Извела я того добра молодца,
Нету больше его в чистом полюшке.
Я его, змея подколодная,
Продала на чужие игрища,
И пришли за ним чуды-юдища,
Чуды-юдища очень страшные,
И забрали его от меня совсем.
Где же я теперь, горемычная,
Отыщу еще добра молодца,
Чтоб послать его вновь на игрища,
Как о том мне заявка прислана
На двенадцать штук добрых молодцов?»
Ой ты гой-еси, мухобой-трава,
Разрослася ты, нету моченьки,
Не гуляет никто в чистом полюшке,
Увела их всех тяжкая долюшка…
Последние звуки древней былины потонули в слезах. Слезы были горькие, соленые и искренние.
— Хороша былина, — крякнул Олег, вытирая глаза.
— Хороша, — подхватил Спартак. — Вот в который раз ее слышу, а все плачу. И ведь не я один — все плачут.
— А… а где дед? — открыв рот от удивления, спросил Олег и показал на ринг. Там сидел только мокрый от слез айкидист и лежала ржавая берданка. — Неужто убег?
— А как же, убег, само собой. На то он и ветеран, а не айкидист зеленый. Но как пел, как пел…
Однако дед не совсем убег. Он тихонько уполз за запасным ружьем, но теперь уже возвращался, держа в руках новенький, блестящий винчестер. Айкидист понял свою ошибку, но было уже поздно. Тогда он прибегнул к последнему шансу: повернулся к зрителям, воздел руки к небу и высоким голосом завопил:
Ой, попала заноза в пятку мне,
Ой, попала заноза длинная,
Ой ты гой-еси, моя пяточка…
Но это не помогло — его никто не слушал, а Спартак даже презрительно пробормотал под нос: «Плагиат!»
Когда айкидиста унесли, диктор объявил следующую пару.
— В красном углу ринга — древнерусский князь Олег (Вещий). Дисквалифицирован за фальстарт.
— Эге, тебя, — хмыкнул Спартак.
Олега вывели на ринг и поставили в красный угол.
— В синем углу ринга, — продолжил диктор, — бывший гладиатор Спартак, руководитель авторского восстания в Древнем Риме, экс-чемпион Рима. Дисквалифицирован за фальстарт.
Тотчас появились мальчики для подавания мечей. Они принесли Спартаку и Олегу по огромному двуручному мечу. На ринг вышел рефери и призвал участников поединка следовать традициям благородного боя.

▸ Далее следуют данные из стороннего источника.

(* Let $f:[1/\sqrt2,1)\to\mathbb{R}$, $f(q)=(4q^4-5q^2+1)\mathrm{K}(q)+(-8q^4+8q^2-1)\mathrm{E}(q)$. Then there exists a unique $\hat q\in(1/\sqrt2,q_* )$ such that $f(\hat q)=0$. In addition, $f>0$ on $[1/\sqrt2,\hat q)$ and $f<0$ on $(\hat q,1)$.
   Context: For $q\in[0,1)$, $\mathrm{K}(q)=\int_0^{\pi/2}(1-q^2\sin^2\theta)^{-1/2}\,d\theta$ and $\mathrm{E}(q)=\int_0^{\pi/2}(1-q^2\sin^2\theta)^{1/2}\,d\theta$ are the complete elliptic integrals of the first and second kind. The function $q\mapsto2\mathrm{E}(q)-\mathrm{K}(q)$ is strictly decreasing on $[0,1)$ and $q_*\in(0,1)$ denotes its unique zero. *)

theory Defs
  imports "HOL-Analysis.Analysis"
begin

definition ellK :: "real \<Rightarrow> real" where
  "ellK q = integral {0..pi/2} (\<lambda>\<theta>. 1 / sqrt (1 - q^2 * (sin \<theta>)^2))"

definition ellE :: "real \<Rightarrow> real" where
  "ellE q = integral {0..pi/2} (\<lambda>\<theta>. sqrt (1 - q^2 * (sin \<theta>)^2))"

definition qstar :: real where
  "qstar = (THE q. 0 < q \<and> q < 1 \<and> 2 * ellE q - ellK q = 0)"

definition fhat :: "real \<Rightarrow> real" where
  "fhat q = (4*q^4 - 5*q^2 + 1) * ellK q + (-8*q^4 + 8*q^2 - 1) * ellE q"

end

theory Submission
  imports Defs
begin

text \<open>
  Write \<open>m = q\<^sup>2\<close>, so that \<open>fhat q = A m * K q + B m * E q\<close> with
  \<open>A m = fhat_coeffK m = (4m - 1)(m - 1)\<close>, which is negative for \<open>1/2 \<le> m < 1\<close>, and
  \<open>B m = fhat_coeffE m = -8m\<^sup>2 + 8m - 1\<close>.
  At \<open>q = 1/\<surd>2\<close> one gets \<open>fhat = (2E - K)/2 > 0\<close>, and at \<open>q\<^sub>*\<close>, where \<open>K = 2E\<close>, one gets
  \<open>fhat = (1 - 2q\<^sub>*\<^sup>2) E < 0\<close>; so \<open>fhat\<close> has a zero in between.
  Uniqueness and the sign pattern follow from a one-sided crossing property: once \<open>fhat\<close> is
  \<open>\<le> 0\<close> at some \<open>q \<ge> 1/\<surd>2\<close>, it stays negative to the right. Where \<open>B \<le> 0\<close> both terms are
  negative; where \<open>B > 0\<close> the sign of \<open>fhat\<close> is that of \<open>E/K + A/B\<close>, and \<open>E/K\<close> is
  decreasing while \<open>A/B\<close> is strictly decreasing in \<open>m\<close>.

  That \<open>q\<^sub>*\<close> lies in \<open>(1/\<surd>2, 1)\<close> follows since \<open>2E - K\<close> is strictly decreasing, positive at
  \<open>1/\<surd>2\<close>, and negative at \<open>q = \<surd>0.9999\<close>, where comparing the integrand of \<open>K\<close> with
  \<open>1/(\<pi>/2 - t + 1/100)\<close> gives \<open>K > \<pi> \<ge> 2E\<close>.
\<close>

lemma elliptic_radicand_pos:
  fixes q t :: real
  assumes "q^2 < 1"
  shows "0 < 1 - q^2 * (sin t)^2"
proof -
  have "q^2 * (sin t)^2 \<le> q^2" by (simp add: mult_left_le abs_square_le_1)
  then show ?thesis using assms by linarith
qed

lemma has_integral_ellK:
  fixes q :: real
  assumes "q^2 < 1"
  shows "((\<lambda>t. 1 / sqrt (1 - q^2 * (sin t)^2)) has_integral ellK q) {0..pi/2}"
proof -
  have "(\<lambda>t. 1 / sqrt (1 - q^2 * (sin t)^2)) integrable_on {0..pi/2}"
    using elliptic_radicand_pos[OF assms]
    by (intro integrable_continuous_interval continuous_intros) (auto simp: less_le)
  then show ?thesis unfolding ellK_def by (rule integrable_integral)
qed

lemma has_integral_ellE:
  "((\<lambda>t. sqrt (1 - q^2 * (sin t)^2)) has_integral ellE q) {0..pi/2}"
proof -
  have "(\<lambda>t. sqrt (1 - q^2 * (sin t)^2)) integrable_on {0..pi/2}"
    by (intro integrable_continuous_interval continuous_intros)
  then show ?thesis unfolding ellE_def by (rule integrable_integral)
qed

Толпа загудела: бой обещал быть славным. Тут и там послышались отдельные выкрики — изуверы делали ставки.
Прозвучал залп трехсекундной готовности. «Что-то я забыл, пронеслось в голове Олега. — Ага! Пора подумать о смерти.»
Но о смерти додумать опять не дали. Вместе с ударом гонга на ринг неожиданно выскочил какой-то коротышка со сморщенным воздушным шариком в правой руке и ткнул указательным пальцем левой в живот рефери.
— Поворачивай на Турцию, или взорву все к чертовой матери! спокойно, но достаточно громко, чтоб его услышали зрители, сказал коротышка.
— Ты кто такой? — так же спокойно спросил рефери.
— Террорист-угонщик! — торжественно объявил коротышка.
— А почему без оружия?
— А это что? — обиделся коротышка и дунул пару раз в воздушный шарик, который сразу принял грибовидную форму. — Сказано: поворачивай на Турцию!
— Надо посоветоваться с оргкомитетом, — заявил рефери и удалился.
Коротышка тем временем уселся посреди ринга и стал с любопытством посматривать то на Спартака, то на Олега. Его ехидная физиономия словно говорила: «А вот и не подеретесь!»
И точно: вместо рефери на ринг вышла длинноногая девица в открытом купальнике; она ослепительно улыбнулась и объявила:
— Однодневный тайм-аут! — потом сделала рукой этакий приглашающий жест и добавила: — Турция, господа!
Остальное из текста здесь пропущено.